• Directions:
The lines needed are those below that contain the word "finally"; copy each one.
——
lemma norm_le_hnorm: assumes "hnorm x \<le> 1" shows "norm x \<le> s * hnorm x"
proof -
  have "norm x \<le> (\<Sum>k=1..s. norm (pr k x))"
    using norm_sum[of "\<lambda>k. pr k x" "{1..s}"] sum_layers[of x] by simp
  also have "\<dots> \<le> (\<Sum>k=1..s. hnorm x)"
  proof (rule sum_mono)
    fix k assume k: "k \<in> {1..s}"
    have "hnorm x ^ k \<le> hnorm x ^ 1"
      using k assms hnorm_nonneg[of x] by (intro power_decreasing) auto
    then show "norm (pr k x) \<le> hnorm x" using norm_layer_le_hnorm[OF k, of x] by simp
  qed
  finally show ?thesis by simp
qed

text \<open>By compactness of the unit sphere of \<open>hnorm\<close>.\<close>

lemma hom_dist_ge_hnorm:
  assumes d: "hom_dist br V s d"
  shows "\<exists>c>0. \<forall>x. c * hnorm x \<le> d x 0"
proof -
  define K where "K = {x. hnorm x = 1}"
  have "norm x \<le> s" if "x \<in> K" for x using norm_le_hnorm[of x] that by (simp add: K_def)
  then have "bounded K" unfolding bounded_iff by blast
  moreover have "closed K" unfolding K_def
    by (rule closed_Collect_eq) (auto intro: continuous_on_hnorm)
  ultimately have "compact K" by (simp add: compact_eq_bounded_closed)
  have dil_K: "dil V s (1 / hnorm x) x \<in> K" if "x \<noteq> 0" for x
    using that hnorm_dil[of "1 / hnorm x" x] hnorm_nonneg[of x] hnorm_eq_0_iff[of x] unfolding K_def by simp
  have scale: "d x 0 = hnorm x * d (dil V s (1 / hnorm x) x) 0" if "x \<noteq> 0" for x
    using hom_dist_dil_0[OF d, of "hnorm x" "dil V s (1 / hnorm x) x"] that
      hnorm_nonneg[of x] hnorm_eq_0_iff[of x] by (simp add: dil_dil)
  show ?thesis
  proof (cases "K = {}")
    case True
    then show ?thesis using dil_K hnorm_eq_0_iff by (intro exI[of _ 1]) auto
  next
    case False
    have "continuous_on UNIV (\<lambda>p. d (fst p) (snd p))" using d unfolding hom_dist_def by blast
    moreover have "continuous_on K (\<lambda>x. (x, 0::'a))" by (intro continuous_intros)
    ultimately have "continuous_on K (\<lambda>x. d x 0)" using continuous_on_compose2 by fastforce
    then obtain x0 where x0: "x0 \<in> K" "\<forall>y\<in>K. d x0 0 \<le> d y 0"
      using continuous_attains_inf[OF \<open>compact K\<close> False] by blast
    then have "0 < d x0 0"
      using hom_dist_nonneg[OF d, of x0 0] hom_dist_eq_0_iff[OF d, of x0 0] by (auto simp: K_def order_le_less)
    moreover have "d x0 0 * hnorm x \<le> d x 0" for x
    proof (cases "x = 0")
      case False
      then have "d x0 0 \<le> d (dil V s (1 / hnorm x) x) 0" using x0(2) dil_K by blast
      then show ?thesis
        using scale[OF False] hnorm_nonneg[of x] by (metis mult.commute mult_left_mono)
    qed (simp add: hom_dist_nonneg[OF d])
    ultimately show ?thesis by blast
  qed
qed

lemma norm_le_hom_dist:
  assumes "hom_dist br V s d"
  obtains C r where "0 < r" "\<And>x. d x 0 \<le> r \<Longrightarrow> norm x \<le> C * d x 0"
proof -
  obtain c where c: "0 < c" "\<And>x. c * hnorm x \<le> d x 0" using hom_dist_ge_hnorm[OF assms] by blast
  have "norm x \<le> (s / c) * d x 0" if "d x 0 \<le> c" for x
  proof -
    have "hnorm x \<le> 1" using c that order_trans[OF c(2)[of x] that] by (simp add: mult_le_cancel_left1)
    then have "norm x \<le> s * hnorm x" by (rule norm_le_hnorm)
    also have "\<dots> \<le> s * (d x 0 / c)" using c by (intro mult_left_mono) (auto simp: field_simps)
    finally show ?thesis by simp
  qed
  then show ?thesis using that c(1) by blast
qed

lemma norm_layer_le_hom_dist:
  assumes "hom_dist br V s d"
  obtains C where "0 < C" "\<And>x k. k \<in> {1..s} \<Longrightarrow> norm (pr k x) \<le> (C * d x 0) ^ k"
proof -
  obtain c where c: "0 < c" "\<And>x. c * hnorm x \<le> d x 0" using hom_dist_ge_hnorm[OF assms] by blast
  have "norm (pr k x) \<le> (1 / c * d x 0) ^ k" if "k \<in> {1..s}" for x k
  proof -
    have "hnorm x \<le> 1 / c * d x 0" using c(1) c(2)[of x] by (simp add: field_simps)
    then have "hnorm x ^ k \<le> (1 / c * d x 0) ^ k" by (intro power_mono hnorm_nonneg)
    then show ?thesis using norm_layer_le_hnorm[OF that, of x] by linarith
  qed
  with c(1) show ?thesis by (intro that[of "1 / c"]) auto
qed

end

section \<open>Homogeneous subadditive functions\<close>

context graded_group
begin

fun bch_list :: "'a list \<Rightarrow> 'a" where
  "bch_list [] = 0"
| "bch_list (x # xs) = bch br s x (bch_list xs)"

lemma bch_list_filtration:
  "\<forall>x\<in>set xs. x \<in> filtration a \<Longrightarrow>
   bch_list xs \<in> filtration a \<and> pr a (bch_list xs) = sum_list (map (pr a) xs)"
  by (induction xs) (auto simp: filtration_0 bch_filtration)

lemma continuous_on_bch_list:
  "\<forall>f\<in>set fs. continuous_on S f \<Longrightarrow> continuous_on S (\<lambda>h. bch_list (map (\<lambda>f. f h) fs))"
  by (induction fs) (auto intro: continuous_on_bch)

lemma layer_bch_list_basis:
  fixes a :: nat and h :: 'a
  assumes "set bl = Basis" "distinct bl"
  defines "w \<equiv> bch_list (map (\<lambda>b. (pr a h \<bullet> b) *\<^sub>R pr a b) bl)"
  shows "w \<in> filtration a" "pr a w = pr a h"
proof -
  have letters: "\<forall>x\<in>set (map (\<lambda>b. (pr a h \<bullet> b) *\<^sub>R pr a b) bl). x \<in> filtration a"
    using V_filtration[OF subspace_scale[OF subspace_V layer_in_V]] by auto
  then show "w \<in> filtration a" unfolding w_def using bch_list_filtration by blast
  have "pr a w = (\<Sum>b\<in>Basis. (pr a h \<bullet> b) *\<^sub>R pr a b)"
    unfolding w_def using bch_list_filtration[OF letters] assms
    by (simp add: sum_list_distinct_conv_sum_set o_def layer_scale layer_layer)
  also have "\<dots> = pr a (\<Sum>b\<in>Basis. (pr a h \<bullet> b) *\<^sub>R b)"
    by (simp add: layer_sum layer_scale)
  also have "\<dots> = pr a h" by (simp add: euclidean_representation layer_layer)
  finally show "pr a w = pr a h" .
qed

end

locale homogeneous_subadditive = graded_group +
  fixes \<phi> :: "'a \<Rightarrow> real"
  assumes nonneg: "0 \<le> \<phi> h"
    and subadditive: "\<phi> (bch br s a b) \<le> \<phi> a + \<phi> b"
    and homogeneous: "0 < r \<Longrightarrow> \<phi> (dil V s r h) = r * \<phi> h"
begin

lemma at_zero [simp]: "\<phi> 0 = 0"
  using homogeneous[of 2 0] by simp

lemma bch_list_le_sum: "\<phi> (bch_list xs) \<le> sum_list (map \<phi> xs)"
  by (induction xs) (auto intro: order_trans[OF subadditive])

lemma scaleR_V_le:
  assumes v: "v \<in> V a" and a: "1 \<le> a"
  shows "\<phi> (c *\<^sub>R v) \<le> root a \<bar>c\<bar> * (\<phi> v + \<phi> (- v))"
proof (cases "c = 0")
  case False
  define t where "t = root a \<bar>c\<bar>"
  have t: "0 < t" "t ^ a = \<bar>c\<bar>" unfolding t_def using False a by (simp_all add: real_root_gt_zero)
  have "c *\<^sub>R v = dil V s t v \<or> c *\<^sub>R v = dil V s t (- v)"
    using dil_V[OF v] dil_V[OF subspace_neg[OF subspace_V v]] t by (cases "c > 0") simp_all
  then have "\<phi> (c *\<^sub>R v) = t * \<phi> v \<or> \<phi> (c *\<^sub>R v) = t * \<phi> (- v)"
    using homogeneous[OF t(1)] by auto
  then show ?thesis using nonneg[of v] nonneg[of "- v"] t unfolding t_def by (auto simp: distrib_left)
qed simp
——
• Answer box:
  finally show ?thesis by simp
    finally show ?thesis by simp
  finally show "pr a w = pr a h" .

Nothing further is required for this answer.